*** Records for this task Section Begins ***
lemma abs_diff_ksubset_sums_le:
  fixes g :: "'a set \<Rightarrow> real"
  assumes "finite W" "B \<subseteq> W"
    and step: "\<And>A u. A \<subseteq> B \<Longrightarrow> u \<in> A \<Longrightarrow> \<bar>g (A - {u}) - g A\<bar> \<le> L"
  shows "\<bar>real (card W - j) * (\<Sum>R\<in>ksubsets W j. g (R \<inter> B))
           - real (Suc j) * (\<Sum>S\<in>ksubsets W (Suc j). g (S \<inter> B))\<bar>
         \<le> L * real (card B * ((card W - 1) choose j))"
proof -
  let ?F = "ksubsets W (Suc j)"
  have increment: "\<bar>g ((S - {u}) \<inter> B) - g (S \<inter> B)\<bar> \<le> L * of_bool (u \<in> B)" if "u \<in> S" for S u
  proof -
    have "(S - {u}) \<inter> B = S \<inter> B - {u}"
      by auto
    then show ?thesis
      using step[of "S \<inter> B" u] that by (cases "u \<in> B") auto
  qed
  have "real (card W - j) * (\<Sum>R\<in>ksubsets W j. g (R \<inter> B))
          - real (Suc j) * (\<Sum>S\<in>?F. g (S \<inter> B))
      = (\<Sum>S\<in>?F. \<Sum>u\<in>S. g ((S - {u}) \<inter> B) - g (S \<inter> B))"
    using sum_ksubsets_remove_one[OF assms(1), of "\<lambda>R. g (R \<inter> B)" j]
    by (simp add: sum_subtractf sum_distrib_left)
  also have "\<bar>\<dots>\<bar> \<le> (\<Sum>S\<in>?F. \<Sum>u\<in>S. L * of_bool (u \<in> B))"
    using increment by (intro order_trans[OF sum_abs] sum_mono order_trans[OF sum_abs]) auto
  also have "\<dots> = L * (\<Sum>S\<in>?F. card (S \<inter> B))"
    using assms(1) by (simp add: sum_distrib_left) (intro sum.cong, auto simp: finite_subset Int_def)
  also have "\<dots> = L * real (card B * ((card W - 1) choose j))"
    using sum_card_inter_ksubsets[OF assms(1,2)] by simp
  finally show ?thesis .
qed

lemma sum_sigma_ksubsets:
  fixes g :: "'a set \<Rightarrow> real"
  assumes "finite V" "v \<in> V" "v \<notin> B"
  shows "(\<Sum>T\<in>ksubsets V (Suc j). sigma p q T v * g (T \<inter> B))
       = real q * (\<Sum>R\<in>ksubsets (V - {v}) j. g (R \<inter> B))
         - real p * (\<Sum>S\<in>ksubsets (V - {v}) (Suc j). g (S \<inter> B))"
proof -
  let ?F = "ksubsets V (Suc j)"
  have "(\<Sum>T\<in>?F. sigma p q T v * g (T \<inter> B))
      = (\<Sum>T\<in>?F. if v \<in> T then real q * g (T \<inter> B) else - (real p * g (T \<inter> B)))"
    by (intro sum.cong) (auto simp: sigma_def)
  also have "\<dots> = (\<Sum>T\<in>?F \<inter> {T. v \<in> T}. real q * g (T \<inter> B))
      - (\<Sum>T\<in>?F \<inter> - {T. v \<in> T}. real p * g (T \<inter> B))"
    using assms(1) by (simp add: sum.If_cases sum_negf)
  also have "(\<Sum>T\<in>?F \<inter> {T. v \<in> T}. real q * g (T \<inter> B))
      = (\<Sum>R\<in>ksubsets (V - {v}) j. real q * g (insert v R \<inter> B))"
  proof -
    have "?F \<inter> {T. v \<in> T} = {S \<in> ?F. v \<in> S}"
      by auto
    then show ?thesis
      by (simp only:) (rule sum.reindex_bij_betw[OF bij_betw_insert_ksubsets[OF assms(1,2)], symmetric])
  qed
  also have "?F \<inter> - {T. v \<in> T} = ksubsets (V - {v}) (Suc j)"
    by auto
  finally show ?thesis
    using assms(3) by (simp add: sum_distrib_left)
qed

lemma binomial_absorption_twice:
  "real (Suc j) * real (N - Suc j) * real (N choose Suc j)
     = real N * (real N - 1) * real ((N - 2) choose j)"
proof -
  have "Suc j * (N choose Suc j) = N * ((N - 1) choose j)"
    by (rule binomial_absorption)
  moreover have "(N - Suc j) * ((N - 1) choose j) = (N - 1) * ((N - 2) choose j)"
    using binomial_absorb_comp[of "N - 1" j] by (simp add: numeral_2_eq_2)
  ultimately have "Suc j * (N - Suc j) * (N choose Suc j) = N * (N - 1) * ((N - 2) choose j)"
    by (metis mult.assoc mult.left_commute)
  then have "real (Suc j) * real (N - Suc j) * real (N choose Suc j)
      = real N * real (N - 1) * real ((N - 2) choose j)"
    by (simp only: of_nat_eq_iff flip: of_nat_mult)
  then show ?thesis
    by (cases "N = 0") simp_all
qed

lemma unif_expect_xi_eq:
  assumes "simple_graph V E"
  shows "unif_expect V (Suc j) (xi V E n p q f)
       = (\<Sum>v\<in>V. real q * (\<Sum>R\<in>ksubsets (V - {v}) j. f v (R \<inter> nbhd V E v))
                 - real p * (\<Sum>S\<in>ksubsets (V - {v}) (Suc j). f v (S \<inter> nbhd V E v)))
         / (real p * real q * real n * real (card V choose Suc j))"
proof -
  have fin: "finite V" and loopless: "\<And>v. v \<notin> nbhd V E v"
    using assms by (auto simp: simple_graph_def nbhd_def)
  have "(\<Sum>T\<in>ksubsets V (Suc j). xi V E n p q f T)
      = (\<Sum>T\<in>ksubsets V (Suc j). \<Sum>v\<in>V. sigma p q T v * f v (T \<inter> nbhd V E v))
        / (real p * real q * real n)"
    unfolding xi_def by (simp add: sum_divide_distrib)
  also have "\<dots> = (\<Sum>v\<in>V. \<Sum>T\<in>ksubsets V (Suc j). sigma p q T v * f v (T \<inter> nbhd V E v))
        / (real p * real q * real n)"
    by (subst sum.swap) (rule refl)
  also have "(\<Sum>v\<in>V. \<Sum>T\<in>ksubsets V (Suc j). sigma p q T v * f v (T \<inter> nbhd V E v))
      = (\<Sum>v\<in>V. real q * (\<Sum>R\<in>ksubsets (V - {v}) j. f v (R \<inter> nbhd V E v))
                 - real p * (\<Sum>S\<in>ksubsets (V - {v}) (Suc j). f v (S \<inter> nbhd V E v)))"
    by (rule sum.cong[OF refl], rule sum_sigma_ksubsets[OF fin _ loopless])
  finally have sum_xi: "(\<Sum>T\<in>ksubsets V (Suc j). xi V E n p q f T)
      = (\<Sum>v\<in>V. real q * (\<Sum>R\<in>ksubsets (V - {v}) j. f v (R \<inter> nbhd V E v))
                 - real p * (\<Sum>S\<in>ksubsets (V - {v}) (Suc j). f v (S \<inter> nbhd V E v)))
        / (real p * real q * real n)" .
  show ?thesis
    unfolding unif_expect_def sum_xi n_subsets[OF fin] divide_divide_eq_left ..
qed

lemma abs_xi_vertex_term_le:
  fixes g :: "'a set \<Rightarrow> real"
  assumes "simple_graph V E" "v \<in> V" "nbhd V E v \<noteq> {}" "lipschitz_loc V E v g K"
  shows "\<bar>real (card V - Suc j) * (\<Sum>R\<in>ksubsets (V - {v}) j. g (R \<inter> nbhd V E v))
           - real (Suc j) * (\<Sum>S\<in>ksubsets (V - {v}) (Suc j). g (S \<inter> nbhd V E v))\<bar>
         \<le> K * real ((card V - 2) choose j)"
proof -
  let ?B = "nbhd V E v"
  have fin: "finite V" and sub: "?B \<subseteq> V - {v}"
    using assms(1) by (auto simp: simple_graph_def nbhd_def)
  have deg_pos: "deg V E v > 0"
    using assms(3) fin by (simp add: deg_def nbhd_def card_gt_0_iff)
  have step: "\<bar>g (A - {u}) - g A\<bar> \<le> K / real (deg V E v)" if "A \<subseteq> ?B" "u \<in> A" for A u
  proof -
    have "\<bar>g (A - {u}) - g A\<bar> \<le> K * real (card (A - {u} - A \<union> (A - (A - {u})))) / real (deg V E v)"
      using assms(4) that(1) unfolding lipschitz_loc_def by (meson Diff_subset order_trans)
    also have "A - {u} - A \<union> (A - (A - {u})) = {u}"
      using that(2) by auto
    finally show ?thesis
      by simp
  qed
  have "card (V - {v}) - j = card V - Suc j" "card (V - {v}) - 1 = card V - 2"
    using fin assms(2) by auto
  then show ?thesis
    using abs_diff_ksubset_sums_le[where L = "K / real (deg V E v)" and j = j, OF finite_Diff[OF fin] sub step] deg_pos
    by (simp add: deg_def)
qed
*** Records for this task Section Ends ***
▶ _Activity_
Look through the records and give only the number of lines where the string "assumes" appears.

▶ _Solution to the exercise_
4